From mboxrd@z Thu Jan  1 00:00:00 1970
Return-Path: <owner-linux-mm@kvack.org>
Received: from mail-qt0-f200.google.com (mail-qt0-f200.google.com [209.85.216.200])
	by kanga.kvack.org (Postfix) with ESMTP id B86DB6B0273
	for <linux-mm@kvack.org>; Fri, 13 Apr 2018 10:01:45 -0400 (EDT)
Received: by mail-qt0-f200.google.com with SMTP id j2so5595658qtl.1
        for <linux-mm@kvack.org>; Fri, 13 Apr 2018 07:01:45 -0700 (PDT)
Received: from mx1.redhat.com (mx3-rdu2.redhat.com. [66.187.233.73])
        by mx.google.com with ESMTPS id k11si7563546qtb.3.2018.04.13.07.01.44
        for <linux-mm@kvack.org>
        (version=TLS1_2 cipher=ECDHE-RSA-AES128-GCM-SHA256 bits=128/128);
        Fri, 13 Apr 2018 07:01:44 -0700 (PDT)
Subject: Re: [PATCH RFC 0/8] mm: online/offline 4MB chunks controlled by
 device driver
References: <20180413131632.1413-1-david@redhat.com>
 <20180413134414.GS17484@dhcp22.suse.cz>
From: David Hildenbrand <david@redhat.com>
Message-ID: <3545ef32-14db-25ab-bf1a-56044402add3@redhat.com>
Date: Fri, 13 Apr 2018 16:01:43 +0200
MIME-Version: 1.0
In-Reply-To: <20180413134414.GS17484@dhcp22.suse.cz>
Content-Type: text/plain; charset=utf-8
Content-Language: en-US
Content-Transfer-Encoding: 8bit
Sender: owner-linux-mm@kvack.org
List-ID: <linux-mm.kvack.org>
To: Michal Hocko <mhocko@kernel.org>
Cc: linux-mm@kvack.org

On 13.04.2018 15:44, Michal Hocko wrote:
> [If you choose to not CC the same set of people on all patches - which
> is sometimes a legit thing to do - then please cc them to the cover
> letter at least.]
> 
> On Fri 13-04-18 15:16:24, David Hildenbrand wrote:
>> I am right now working on a paravirtualized memory device ("virtio-mem").
>> These devices control a memory region and the amount of memory available
>> via it.

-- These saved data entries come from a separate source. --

lemma exists_nonzero_vec_Re_orthogonal:
  fixes f :: "'i \<Rightarrow> complex Matrix.vec" and c :: "'i \<Rightarrow> complex"
  assumes T: "finite T" "card T < 2 * n" and f: "\<forall>t\<in>T. f t \<in> carrier_vec n"
  shows "\<exists>u\<in>carrier_vec n. u \<noteq> 0\<^sub>v n \<and> (\<forall>t\<in>T. Re (cnj (f t \<bullet> u) * c t) = 0)"
proof -
  define g where "g t = vec (2 * n)
    (\<lambda>i. if i < n then Re (cnj (f t $ i) * c t) else Im (cnj (f t $ (i - n)) * c t))" for t
  obtain z where z: "z \<in> carrier_vec (2 * n)" "z \<noteq> 0\<^sub>v (2 * n)" "\<forall>t\<in>T. g t \<bullet> z = 0"
    using exists_nonzero_vec_orthogonal[OF T, of g] by (auto simp: g_def)
  have "complexify n z \<noteq> 0\<^sub>v n" using z complexify_eq_0_iff by blast
  moreover have "Re (cnj (f t \<bullet> complexify n z) * c t) = 0" if "t \<in> T" for t
    using Re_cnj_scalar_prod_complexify[of "f t" n z "c t"] f z that by (simp add: g_def)
  ultimately show ?thesis by (intro bexI[of _ "complexify n z"]) (auto simp: complexify_def)
qed

lemma exists_solvable_subsystem_with_same_kernel:
  fixes f :: "nat \<Rightarrow> 'a::field Matrix.vec" and c :: "nat \<Rightarrow> 'a"
  assumes f: "\<forall>k. f k \<in> carrier_vec d"
  shows "\<exists>S p. S \<subseteq> {..<m} \<and> p \<in> carrier_vec d \<and> (\<forall>k\<in>S. f k \<bullet> p = c k)
     \<and> (\<forall>u\<in>carrier_vec d. (\<forall>k\<in>S. f k \<bullet> u = 0) \<longrightarrow> (\<forall>k<m. f k \<bullet> u = 0))"
proof (induction m)
  case 0
  show ?case by (rule exI[of _ "{}"], rule exI[of _ "0\<^sub>v d"]) auto
next
  case (Suc m)
  then obtain S p where S: "S \<subseteq> {..<m}" "p \<in> carrier_vec d" "\<forall>k\<in>S. f k \<bullet> p = c k"
    "\<forall>u\<in>carrier_vec d. (\<forall>k\<in>S. f k \<bullet> u = 0) \<longrightarrow> (\<forall>k<m. f k \<bullet> u = 0)" by blast
  show ?case
  proof (cases "\<forall>u\<in>carrier_vec d. (\<forall>k\<in>S. f k \<bullet> u = 0) \<longrightarrow> f m \<bullet> u = 0")
    case True
    show ?thesis
      by (rule exI[of _ S], rule exI[of _ p]) (use S True in \<open>auto simp: less_Suc_eq\<close>)
  next
    case False
    then obtain u where u: "u \<in> carrier_vec d" "\<forall>k\<in>S. f k \<bullet> u = 0" "f m \<bullet> u \<noteq> 0" by blast
    \<comment> \<open>move p along u, which does not disturb the equations in S, until equation m holds\<close>
    define t where "t = (c m - f m \<bullet> p) / (f m \<bullet> u)"
    define p' where "p' = p + t \<cdot>\<^sub>v u"
    have lin: "f k \<bullet> p' = f k \<bullet> p + t * (f k \<bullet> u)" for k
      unfolding p'_def using f u(1) S(2)
      by (simp add: scalar_prod_add_distrib[of _ d] scalar_prod_smult_distrib[of _ d])
    show ?thesis
      by (rule exI[of _ "insert m S"], rule exI[of _ p'])
        (use S u lin f in \<open>auto simp: less_Suc_eq p'_def t_def\<close>)
  qed
qed

lemma row_cinner_add:
  assumes "x \<in> carrier_vec (dim_col A)" "y \<in> carrier_vec (dim_col A)"
  shows "row_cinner A k (x + y) = row_cinner A k x + row_cinner A k y"
  using assms unfolding row_cinner_def by (simp add: distrib_left sum.distrib)

lemma row_cinner_diff:
  assumes "x \<in> carrier_vec (dim_col A)" "y \<in> carrier_vec (dim_col A)"
  shows "row_cinner A k (x - y) = row_cinner A k x - row_cinner A k y"
  using assms unfolding row_cinner_def by (simp add: right_diff_distrib sum_subtractf)

lemma row_cinner_zero: "row_cinner A k (0\<^sub>v (dim_col A)) = 0"
  unfolding row_cinner_def by simp

lemma row_cinner_conv_scalar_prod:
  assumes "k < dim_row A" "x \<in> carrier_vec (dim_col A)"
  shows "row_cinner A k x = conjugate (row A k) \<bullet> x"
  using assms unfolding row_cinner_def scalar_prod_def
  by (auto simp: lessThan_atLeast0 intro!: sum.cong)
(* Let $B$ be a homology $d$-ball with vertex set $V$, and let $\sigma$ be an interior $(d-1)$-face of $B$ with $\partial\overline{\sigma}\subseteq\partial B$. Then the induced subcomplex $B[V\setminus\sigma]$ has exactly two connected components.
   Context: Fix a field $\mathbb{F}$; all homology is with coefficients in $\mathbb{F}$. For a simplicial complex $\Delta$ on vertex set $V$ and $W\subseteq V$, $\Delta[W]=\{\alpha\in\Delta:\alpha\subseteq W\}$. For a face $\sigma$, $\overline{\sigma}$ is the complex of all subsets of $\sigma$ and $\partial\overline\sigma$ the complex of its proper subsets. For a face $\sigma$ of $\Delta$, ${\rm lk}_\Delta(\sigma)=\{\tau\setminus\sigma:\sigma\subseteq\tau\in\Delta\}$. A $d$-dimensional simplicial complex $S$ is a homology $d$-sphere if for every face $\sigma$ of dimension $i\ge -1$, ${\rm lk}_S(\sigma)$ has the same $\mathbb{F}$-homology as the $(d-i-1)$-sphere. A $d$-dimensional simplicial complex $B$ is a homology $d$-ball if (i) $B$ has trivial reduced homology, (ii) for each face $\sigma$ of dimension $i\le d-1$ the reduced homology of ${\rm lk}_B(\sigma)$ is either trivial or that of the $(d-i-1)$-sphere, and (iii) the boundary $\partial B=\{\sigma\in B: -1<\dim\sigma<d,\ \widetilde H_{d-\dim\sigma-1}({\rm lk}_B(\sigma))=0\}\cup\{\emptyset\}$ is a homology $(d-1)$-sphere. An interior face of $B$ is a face not in $\partial B$. *)

theory Defs
  imports Main
begin

text \<open>Vertices are linearly ordered,
  which fixes the orientation of simplices.\<close>

definition simplicial_complex :: "'v set set \<Rightarrow> bool" where
  "simplicial_complex \<Delta> \<longleftrightarrow> finite \<Delta> \<and> {} \<in> \<Delta> \<and> (\<forall>\<sigma>\<in>\<Delta>. finite \<sigma>)
     \<and> (\<forall>\<sigma>\<in>\<Delta>. \<forall>\<tau>. \<tau> \<subseteq> \<sigma> \<longrightarrow> \<tau> \<in> \<Delta>)"

definition vertices :: "'v set set \<Rightarrow> 'v set" where
  "vertices \<Delta> = {v. {v} \<in> \<Delta>}"

definition induced :: "'v set set \<Rightarrow> 'v set \<Rightarrow> 'v set set" where
  "induced \<Delta> W = {\<alpha> \<in> \<Delta>. \<alpha> \<subseteq> W}"
(* In the setting below, for $1\le i,j\le r$ the block $N[i,j]$ of $N=\lim_{t\to\infty}(S+tP)^{-1}$ equals $$c_{ij}\begin{pmatrix}\mathbf{1}_{p_i}\mathbf{1}_{p_j}^\top&-\mathbf{1}_{p_i}\mathbf{1}_{q_j}^\top\\-\mathbf{1}_{q_i}\mathbf{1}_{p_j}^\top&\mathbf{1}_{q_i}\mathbf{1}_{q_j}^\top\end{pmatrix}$$ with $$c_{ii}=\frac{\ell}{\alpha(\alpha+\ell\gamma)(p_i+q_i)}\left(\frac\alpha\ell+\gamma-\frac{(p_i-q_i)^2}{p_i+q_i}\right),\qquad c_{ij}=\frac{-\ell}{\alpha(\alpha+\ell\gamma)}\cdot\frac{p_i-q_i}{p_i+q_i}\cdot\frac{p_j-q_j}{p_j+q_j}\ \ (j\ne i).$$
   Context: Let $n\ge3$, $\ell>0$, $\alpha\ge(n-2)\ell$, $S=\alpha I_n+\ell\mathbf{1}_n\mathbf{1}_n^\top$. For a real matrix $P$, $\Delta_i(P)=|P_{ii}|-\sum_{j\ne i}|P_{ij}|$. A signless Laplacian is a real symmetric $n\times n$ matrix $P$ with $P_{ij}\in\{0,1\}$ for $i\ne j$, $P_{ii}\ge0$, and $\Delta_i(P)\in\{0,2\}$ for all $i$; its graph $G$ has vertex set $\{1,\dots,n\}$, an edge $\{i,j\}$ ($i\ne j$) whenever $P_{ij}=1$, and a self-loop $\{i,i\}$ whenever $\Delta_i(P)=2$ (graphs with self-loops are not bipartite). Let $G_1,\dots,G_r$ be the bipartite connected components of $G$, $G_i$ having bipartition classes of sizes $p_i$ and $q_i$; order the vertices of each $G_i$ with the $p_i$-class first. $N[i,j]$ denotes the submatrix of $N$ with rows indexed by vertices of $G_i$ and columns by vertices of $G_j$. $\gamma=\sum_{i=1}^r\frac{(p_i-q_i)^2}{p_i+q_i}$. *)

theory Defs
  imports "HOL-Analysis.Analysis"
begin

definition Delta :: "real^'n^'n \<Rightarrow> 'n \<Rightarrow> real" where
  "Delta P i = \<bar>P$i$i\<bar> - (\<Sum>j\<in>UNIV - {i}. \<bar>P$i$j\<bar>)"

definition signless_laplacian :: "real^'n^'n \<Rightarrow> bool" where
  "signless_laplacian P \<longleftrightarrow> transpose P = P
     \<and> (\<forall>i j. i \<noteq> j \<longrightarrow> P$i$j \<in> {0, 1})
     \<and> (\<forall>i. P$i$i \<ge> 0)
     \<and> (\<forall>i. Delta P i \<in> {0, 2})"

definition graph_edge :: "real^'n^'n \<Rightarrow> 'n \<Rightarrow> 'n \<Rightarrow> bool" where
  "graph_edge P i j \<longleftrightarrow> i \<noteq> j \<and> P$i$j = 1"

definition self_loop :: "real^'n^'n \<Rightarrow> 'n \<Rightarrow> bool" where
  "self_loop P i \<longleftrightarrow> Delta P i = 2"

definition conn_comp :: "real^'n^'n \<Rightarrow> 'n set \<Rightarrow> bool" where
  "conn_comp P C \<longleftrightarrow> (\<exists>v. C = {u. (graph_edge P)\<^sup>*\<^sup>* v u})"

definition is_bipartition :: "real^'n^'n \<Rightarrow> 'n set \<Rightarrow> 'n set \<Rightarrow> 'n set \<Rightarrow> bool" where
  "is_bipartition P C A B \<longleftrightarrow> A \<union> B = C \<and> A \<inter> B = {}
     \<and> (\<forall>u\<in>C. \<forall>v\<in>C. graph_edge P u v \<longrightarrow> (u \<in> A \<longleftrightarrow> v \<in> B))"

definition bipartite_comp :: "real^'n^'n \<Rightarrow> 'n set \<Rightarrow> bool" where
  "bipartite_comp P C \<longleftrightarrow> conn_comp P C \<and> (\<forall>v\<in>C. \<not> self_loop P v)
     \<and> (\<exists>A B. is_bipartition P C A B)"

end

theory Submission
  imports Defs
begin

(*
  General part: if S is coercive (x.Sx >= alpha |x|^2, alpha > 0) and P is symmetric
  positive semidefinite, then M_t is invertible for t >= 0; if moreover a matrix N
  satisfies P N = 0 and every residual z - S N z lies in the range of P, say P y, then
  the energy estimate  2 alpha t |M_t^-1 z - N z|^2 <= y.Py  gives M_t^-1 -> N as
  t -> oo (resolvent_limit).  Membership in the range of a symmetric P is certified by
  orthogonality to its kernel (symmetric_range_orthogonal_kernel).

  Combinatorial part: for a signless Laplacian, 2 x.Px is 2 sum_u Delta_u x_u^2 plus the
  sum of (x_u + x_v)^2 over ordered edges, so P is psd and its kernel is spanned by the
  signed indicator vectors k_i of the bipartite components (+1 on A_i, -1 on B_i).
  We take N = sum_{a,b} c_ab k_a k_b^T with the coefficients c of the statement: then
  P N = 0, and the residual is orthogonal to every k_j because c solves the linear system
  alpha m_j c_jb + l w_j sum_a w_a c_ab = delta_jb  (m_i = p_i + q_i, w_i = p_i - q_i).
*)

lemma matrix_inv_inverse:
  fixes M :: "'a::field^'n^'n"
  assumes "invertible M"
  shows "M ** matrix_inv M = mat 1" and "matrix_inv M ** M = mat 1"
proof -
  obtain M' where "M ** M' = mat 1 \<and> M' ** M = mat 1"
    using assms by (auto simp: invertible_def)
  then have "M ** matrix_inv M = mat 1 \<and> matrix_inv M ** M = mat 1"
    unfolding matrix_inv_def by (rule someI)
  then show "M ** matrix_inv M = mat 1" and "matrix_inv M ** M = mat 1" by simp_all
qed

lemma invertible_if_trivial_kernel:
  fixes M :: "'a::field^'n^'n"
  assumes "\<And>x. M *v x = 0 \<Longrightarrow> x = 0"
  shows "invertible M"
  using assms by (simp add: invertible_left_inverse matrix_left_invertible_ker)

lemma symmetric_matrix_inner:
  fixes P :: "real^'n^'n"
  assumes "transpose P = P"
  shows "(P *v x) \<bullet> y = x \<bullet> (P *v y)"
  by (metis assms dot_lmul_matrix vector_transpose_matrix)

lemma combination_orthogonal_eq_0:
  fixes k :: "'i \<Rightarrow> 'a::real_inner"
  assumes "\<And>j. j \<in> I \<Longrightarrow> k j \<bullet> (\<Sum>i\<in>I. a i *\<^sub>R k i) = 0"
  shows "(\<Sum>i\<in>I. a i *\<^sub>R k i) = 0"
proof -
  let ?w = "\<Sum>i\<in>I. a i *\<^sub>R k i"
  have "?w \<bullet> ?w = (\<Sum>i\<in>I. a i * (k i \<bullet> ?w))" by (simp add: inner_sum_left)
  also have "\<dots> = 0" using assms by simp
  finally show ?thesis by simp
qed

(* For symmetric P, range P is the orthogonal complement of its kernel: if every kernel
   vector orthogonal to the k_i is 0, then any e orthogonal to the k_i lies in range P.
   The map y |-> P y + sum_i (k_i.y) k_i is injective, hence onto. *)
lemma symmetric_range_orthogonal_kernel:
  fixes P :: "real^'n^'n" and k :: "'i \<Rightarrow> real^'n"
  assumes sym: "transpose P = P" and fin: "finite I"
    and Pk: "\<And>i. i \<in> I \<Longrightarrow> P *v k i = 0"
    and kernel: "\<And>x. P *v x = 0 \<Longrightarrow> (\<forall>i\<in>I. k i \<bullet> x = 0) \<Longrightarrow> x = 0"
    and e: "\<And>i. i \<in> I \<Longrightarrow> k i \<bullet> e = 0"
  shows "\<exists>y. P *v y = e"
proof -
  define w where "w y = (\<Sum>i\<in>I. (k i \<bullet> y) *\<^sub>R k i)" for y
  define f where "f y = P *v y + w y" for y
  have k_f: "k j \<bullet> f y = k j \<bullet> w y" if "j \<in> I" for j y
    using symmetric_matrix_inner[OF sym, of "k j" y] Pk[OF that]
    by (simp add: f_def inner_add_right)
  have w_0: "w y = 0" if "\<forall>j\<in>I. k j \<bullet> f y = 0" for y
    using that k_f unfolding w_def by (intro combination_orthogonal_eq_0) auto
  have "linear f"
    by (rule linearI) (simp_all add: f_def w_def matrix_vector_right_distrib
        matrix_vector_mult_scaleR inner_add_right scaleR_add_left sum.distrib
        scaleR_sum_right scaleR_add_right)
  moreover have "inj f"
  proof -
    have "y = 0" if "f y = 0" for y
    proof -
      have wy: "w y = 0" using that by (intro w_0) simp
      have "(\<Sum>i\<in>I. (k i \<bullet> y)^2) = y \<bullet> w y"
        by (simp add: w_def inner_sum_right power2_eq_square inner_commute)
      then have "\<forall>i\<in>I. k i \<bullet> y = 0" using wy fin by (simp add: sum_nonneg_eq_0_iff)
      moreover have "P *v y = 0" using that wy by (simp add: f_def)
      ultimately show "y = 0" using kernel by blast
    qed
    then show ?thesis using \<open>linear f\<close> linear_injective_0 by blast
  qed
  ultimately obtain y where fy: "f y = e"
    using linear_injective_imp_surjective by (metis surjD)
  have "w y = 0" using e by (intro w_0) (simp add: fy)
  then show ?thesis using fy by (auto simp: f_def)
qed

lemma matrix_pencil_apply:
  fixes S P :: "real^'n^'n"
  shows "(S + t *\<^sub>R P) *v x = S *v x + t *\<^sub>R (P *v x)"
  by (simp add: matrix_vector_mult_add_rdistrib scaleR_matrix_vector_assoc)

Memory will not be indicated via ACPI and friends, the device
>> driver is responsible for it.
> 
> How does this compare to other ballooning solutions? And why your driver
> cannot simply use the existing sections and maintain subsections on top?
> 

(further down in this mail is a small paragraph about that)

All existing balloon implementations work on all memory available in the
system. Some of them are able to add memory later on (XEN, Hyper-V),
others are not (virtio-balloon). Having this model allows to plug/unplug
memory NUMA aware on a fine granularity (e.g. 4MB), while making the
implementation in the hypervisor a level of magnitudes easier.

We could have multiple paravirtualized memory devices, e.g. one for each
NUMA node.

E.g. when rebooting we don't have to resize any initial system memory
(a820, ACPI ...), but only care about the memory region of this one
device. By adding memory by the device driver, we can actually remove
the memory blocks again, freeing up the struct pages.

Also, I tend to not call the solution a balloon driver, rather
"paravirtualized memory". It is something like a balloon, but we are not
going to start fragmenting on a page level.

There is more to it, but this should cover the basics.


"And why your driver cannot simply use the existing sections and
maintain subsections on top?"

Can you elaborate how that is going to work? What I do as of now, is to
remember for each memory block (basically a section because I want to
make it as small as possible) which chunks ("subsections") are
online/offline. This works just fine. Is this what you are referring to?

However when it comes to marking a section finally offline or telling
kdump to not touch offline pages, I need the PG_offline.

(I had a prototype where I marked the sections manually offline once I
knew everything in it was offline, but that looked rather hackish)

Thanks for having a look!

-- 

Thanks,

David / dhildenb